"You're not going to lie on the ground, there?" she asked, with the importance and authority of a woman who puts herself in charge of a sick man, as a woman always must when there is such a man near her.

"I would be willing to be under it, such a day as this," he said. "But I'll take the shawl, if that's what you mean. I thought it was here?"

"I'll get it for you," said Louise; and he let her go into the parlor and bring it out to him. She laid, it in a narrow fold over his shoulder; he thanked her carelessly, and she watched him sweep languidly across the buttercupped and dandelioned grass of the meadow-land about the house, to the dark shelter of the pine grove at the north. The sun struck full upon the long levels of the boughs, and kindled their needles to a glistening mass; underneath, the ground was red, and through the warm-looking twilight of the sparse wood the gray canvas of a tent showed; Matt often slept there in the summer, and so the place was called the camp. There was a hammock between two of the trees, just beyond the low stone wall, and Louise saw Maxwell get into it.

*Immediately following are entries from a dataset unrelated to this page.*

(* Let $p,m$ be integers with $m\ge1$ and $0\le p\le[\frac m2]$, and let $c_j=c_j(p,m)$. Then $\frac{2c_1}{m-1}+\frac{c_2}{2}+c_3>0$ in each of the following cases: ($p=0$, $m\ge2$); ($p=1$, $m\ge3$); ($p\ge2$, $m\ge17$); ($p<\frac m2$, $5\le m\le16$).
   Context: With $\binom ab=0$ for $b<0$: $c_1=\frac1{180}\binom mp-\frac1{12}\binom{m-2}{p-1}+\frac12\binom{m-4}{p-2}$, $c_2=-\frac1{180}\binom mp+\frac12\binom{m-2}{p-1}-2\binom{m-4}{p-2}$, $c_3=\frac1{72}\binom mp-\frac16\binom{m-2}{p-1}+\frac12\binom{m-4}{p-2}$. *)

theory Defs
  imports Complex_Main
begin

definition binom :: "int \<Rightarrow> int \<Rightarrow> real" where
  "binom a b = (if b < 0 then 0 else (real_of_int a) gchoose (nat b))"

definition c1 :: "int \<Rightarrow> int \<Rightarrow> real" where
  "c1 p m = binom m p / 180 - binom (m - 2) (p - 1) / 12 + binom (m - 4) (p - 2) / 2"

definition c2 :: "int \<Rightarrow> int \<Rightarrow> real" where
  "c2 p m = - binom m p / 180 + binom (m - 2) (p - 1) / 2 - 2 * binom (m - 4) (p - 2)"

definition c3 :: "int \<Rightarrow> int \<Rightarrow> real" where
  "c3 p m = binom m p / 72 - binom (m - 2) (p - 1) / 6 + binom (m - 4) (p - 2) / 2"

end

theory Submission
  imports Defs
begin

text \<open>Write \<open>a, b, c\<close> for the three binomial coefficients and \<open>X = p (m - p)\<close>. Absorption
  gives \<open>m (m - 1) b = X a\<close> and \<open>(m - 2) (m - 3) c = (X - m + 1) b\<close>, so after clearing
  denominators the expression is a positive multiple of \<open>a\<close> times a polynomial that is quadratic
  in \<open>X\<close>. For \<open>m \<ge> 17\<close> this polynomial is positive on the whole range \<open>0 \<le> X \<le> m\<^sup>2 / 4\<close>;
  for smaller \<open>m\<close> the finitely many cases are checked directly. The case \<open>p = 0\<close>, where the
  multiplier may vanish, is a direct computation.\<close>

lemma gbinomial_absorb_twice:
  fixes a :: "'a::field_char_0"
  shows "a * (a - 1) * ((a - 2) gchoose k) = of_nat (Suc k) * (a - of_nat (Suc k)) * (a gchoose Suc k)"
proof -
  have "(a - 1) * ((a - 2) gchoose k) = of_nat (Suc k) * ((a - 1) gchoose Suc k)"
    using gbinomial_absorption[of k "a - 1"] by (simp only: diff_diff_eq one_add_one)
  then have "a * (a - 1) * ((a - 2) gchoose k) = a * (of_nat (Suc k) * ((a - 1) gchoose Suc k))"
    by (simp only: mult.assoc)
  also have "\<dots> = of_nat (Suc k) * (a * ((a - 1) gchoose Suc k))"
    by (simp add: algebra_simps)
  also have "\<dots> = of_nat (Suc k) * (a - of_nat (Suc k)) * (a gchoose Suc k)"
    by (simp only: gbinomial_absorb_comp mult.assoc)
  finally show ?thesis .
qed

lemma binom_absorb_twice:
  "real_of_int m * (real_of_int m - 1) * binom (m - 2) (p - 1) = real_of_int (p * (m - p)) * binom m p"
proof (cases "p \<le> 0")
  case True
  then show ?thesis by (cases "p = 0") (simp_all add: binom_def)
next
  case False
  define k where "k = nat (p - 1)"
  have p: "p = int (Suc k)" using False by (simp add: k_def)
  have "nat (p - 1) = k" "nat p = Suc k" using p by simp_all
  then show ?thesis
    using gbinomial_absorb_twice[of "real_of_int m" k] p by (simp add: binom_def algebra_simps)
qed

lemma binom_pos:
  assumes "0 \<le> p" "p \<le> m"
  shows "binom m p > 0"
proof -
  have "real_of_int m = real (nat m)" using assms by simp
  then have "binom m p = real (nat m choose nat p)"
    using assms by (simp add: binom_def binomial_gbinomial)
  then show ?thesis using assms by simp
qed

lemma c_combination_scaled:
  assumes "m \<noteq> 1"
  shows "180 * (real_of_int m - 1) * (2 * c1 p m / (real_of_int m - 1) + c2 p m / 2 + c3 p m)
    = 2 * m * binom m p + 15 * (m - 3) * binom (m - 2) (p - 1) - 90 * (m - 3) * binom (m - 4) (p - 2)"
proof -
  have "real_of_int m - 1 \<noteq> 0" using assms by simp
  then show ?thesis by (simp add: c1_def c2_def c3_def field_simps)
qed

definition reduced_poly :: "real \<Rightarrow> real \<Rightarrow> real" where
  "reduced_poly M X = 2 * M^2 * (M - 1) * (M - 2) + 15 * (M - 2) * (M - 3) * X - 90 * X * (X - M + 1)"

lemma reduced_poly_eq:
  fixes M X a b c :: real
  assumes ab: "M * (M - 1) * b = X * a" and bc: "(M - 2) * (M - 3) * c = (X - M + 1) * b"
  shows "M * (M - 1) * (M - 2) * (2 * M * a + 15 * (M - 3) * b - 90 * (M - 3) * c) = a * reduced_poly M X"
proof -
  have "M * (M - 1) * (M - 2) * (2 * M * a + 15 * (M - 3) * b - 90 * (M - 3) * c)
      = 2 * M^2 * (M - 1) * (M - 2) * a + 15 * (M - 2) * (M - 3) * (M * (M - 1) * b)
        - 90 * M * (M - 1) * ((M - 2) * (M - 3) * c)"
    by (simp add: algebra_simps power2_eq_square)
  also have "\<dots> = 2 * M^2 * (M - 1) * (M - 2) * a + 15 * (M - 2) * (M - 3) * (M * (M - 1) * b)
        - 90 * M * (M - 1) * ((X - M + 1) * b)"
    by (simp only: bc)
  also have "\<dots> = 2 * M^2 * (M - 1) * (M - 2) * a + 15 * (M - 2) * (M - 3) * (M * (M - 1) * b)
        - 90 * (X - M + 1) * (M * (M - 1) * b)"
    by (simp add: algebra_simps)
  also have "\<dots> = 2 * M^2 * (M - 1) * (M - 2) * a + 15 * (M - 2) * (M - 3) * (X * a)
        - 90 * (X - M + 1) * (X * a)"
    by (simp only: ab)
  also have "\<dots> = a * reduced_poly M X"
    by (simp add: reduced_poly_def algebra_simps)
  finally show ?thesis .
qed

lemma c_combination_eq:
  assumes "m \<noteq> 1"
  shows "180 * real_of_int m * (real_of_int m - 1)^2 * (real_of_int m - 2)
      * (2 * c1 p m / (real_of_int m - 1) + c2 p m / 2 + c3 p m)
    = binom m p * reduced_poly m (p * (m - p))"
proof -
  have ab: "real_of_int m * (real_of_int m - 1) * binom (m - 2) (p - 1) = real_of_int (p * (m - p)) * binom m p"
    by (rule binom_absorb_twice)
  have "real_of_int (m - 2) * (real_of_int (m - 2) - 1) * binom (m - 2 - 2) (p - 1 - 1)
      = real_of_int ((p - 1) * (m - 2 - (p - 1))) * binom (m - 2) (p - 1)"
    by (rule binom_absorb_twice)
  then have bc: "(real_of_int m - 2) * (real_of_int m - 3) * binom (m - 4) (p - 2)
      = (real_of_int (p * (m - p)) - real_of_int m + 1) * binom (m - 2) (p - 1)"
    by (simp add: algebra_simps)
  define E where "E = 2 * c1 p m / (real_of_int m - 1) + c2 p m / 2 + c3 p m"
  have "180 * real_of_int m * (real_of_int m - 1)^2 * (real_of_int m - 2) * E
      = real_of_int m * (real_of_int m - 1) * (real_of_int m - 2) * (180 * (real_of_int m - 1) * E)"
    by (simp add: power2_eq_square algebra_simps)
  also have "\<dots> = binom m p * reduced_poly m (p * (m - p))"
    unfolding E_def c_combination_scaled[OF assms] by (rule reduced_poly_eq[OF ab bc])
  finally show ?thesis unfolding E_def .
qed

lemma reduced_poly_pos_large:
  fixes M X :: real
  assumes "M \<ge> 17" "0 \<le> X" "4 * X \<le> M^2"
  shows "reduced_poly M X > 0"
proof -
  txt \<open>\<open>reduced_poly M X = 2 M\<^sup>2 (M - 1) (M - 2) - 15/2 M (M - 2) X + 90 X (M\<^sup>2/4 - X)\<close>\<close>
  have "X * (M^2 / 4 - X) \<ge> 0" using assms by simp
  moreover have "M * (M - 2) * X \<le> M * (M - 2) * (M^2 / 4)"
    using assms by (intro mult_left_mono) auto
  ultimately have "2 * M^2 * (M - 1) * (M - 2) - 15 / 2 * (M * (M - 2) * (M^2 / 4)) \<le> reduced_poly M X"
    unfolding reduced_poly_def by (simp add: algebra_simps power2_eq_square)
  moreover have "2 * M^2 * (M - 1) * (M - 2) - 15 / 2 * (M * (M - 2) * (M^2 / 4)) = M^2 * (M - 2) * (M - 16) / 8"
    by (simp add: algebra_simps power2_eq_square)
  moreover have "M^2 * (M - 2) * (M - 16) / 8 > 0" using assms by simp
  ultimately show ?thesis by linarith
qed

lemma reduced_poly_pos_small:
  fixes p m :: int
  assumes "3 \<le> m" "m \<le> 16" "1 \<le> p" "2 * p < m"
  shows "reduced_poly m (p * (m - p)) > 0"
proof -
  have "m = 3 \<or> m = 4 \<or> m = 5 \<or> m = 6 \<or> m = 7 \<or> m = 8 \<or> m = 9 \<or> m = 10
      \<or> m = 11 \<or> m = 12 \<or> m = 13 \<or> m = 14 \<or> m = 15 \<or> m = 16"
    using assms by presburger
  moreover have "p = 1 \<or> p = 2 \<or> p = 3 \<or> p = 4 \<or> p = 5 \<or> p = 6 \<or> p = 7"
    using assms by presburger
  ultimately show ?thesis using assms by (elim disjE) (simp_all add: reduced_poly_def)
qed

lemma reduced_poly_pos:
  fixes p m :: int
  assumes "1 \<le> p" "2 * p \<le> m" "m \<ge> 17 \<or> (3 \<le> m \<and> m \<le> 16 \<and> 2 * p < m)"
  shows "reduced_poly m (p * (m - p)) > 0"
proof (cases "m \<ge> 17")
  case True
  have "0 \<le> p * (m - p)" using assms by simp
  then have "0 \<le> real_of_int (p * (m - p))" by (simp only: of_int_0_le_iff)
  moreover have "4 * real_of_int (p * (m - p)) \<le> (real_of_int m)^2"
    using zero_le_power2[of "real_of_int m - 2 * real_of_int p"] by (simp add: power2_eq_square algebra_simps)
  ultimately show ?thesis using True by (intro reduced_poly_pos_large) simp_all
next
  case False
  then show ?thesis using assms by (intro reduced_poly_pos_small) auto
qed

theorem lemma5p4:
  fixes p m :: int
  assumes "m \<ge> 1" and "0 \<le> p" and "p \<le> m div 2"
    and "(p = 0 \<and> m \<ge> 2) \<or> (p = 1 \<and> m \<ge> 3) \<or> (p \<ge> 2 \<and> m \<ge> 17)
         \<or> (2 * p < m \<and> 5 \<le> m \<and> m \<le> 16)"
  shows "2 * c1 p m / (real_of_int m - 1) + c2 p m / 2 + c3 p m > 0"
proof (cases "p = 0")
  case True
  then have "m \<ge> 2" using assms by auto
  then show ?thesis using True by (simp add: c1_def c2_def c3_def binom_def field_simps)
next
  case False
  then have "1 \<le> p" "2 * p \<le> m" and m: "m \<ge> 3"
    and "m \<ge> 17 \<or> (3 \<le> m \<and> m \<le> 16 \<and> 2 * p < m)"
    using assms by auto
  then have "binom m p * reduced_poly m (p * (m - p)) > 0"
    using binom_pos reduced_poly_pos by simp
  then have "180 * real_of_int m * (real_of_int m - 1)^2 * (real_of_int m - 2)
      * (2 * c1 p m / (real_of_int m - 1) + c2 p m / 2 + c3 p m) > 0"
    using m by (simp only: c_combination_eq)
  moreover have "180 * real_of_int m * (real_of_int m - 1)^2 * (real_of_int m - 2) > 0"
    using m by simp
  ultimately show ?thesis by (rule zero_less_mult_pos)
qed

end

Matt came out on the piazza in his blue woollen shirt and overalls and high boots, and his cork helmet topping all.

"You look like a cultivated cowboy that had gobbled an English tourist, Matt," said his sister. "Have you got anything for me?"

Matt had some letters in his hands which the man had just brought up from the post-office. "No; but there are two for Maxwell—"

"I will carry them to him, if you're busy. He's just gone over to the camp."

"Well, do," said Matt. He gave them to her, and he asked, "How do you think he is, this morning?"

"He must be pretty well; he's been writing ever since breakfast."

"I wish he hadn't," said Matt. "He ought really to be got away somewhere out of the reach of newspapers. I'll see. Louise, how do you think a girl like Sue Northwick would feel about an outright offer of help at such a time as this?"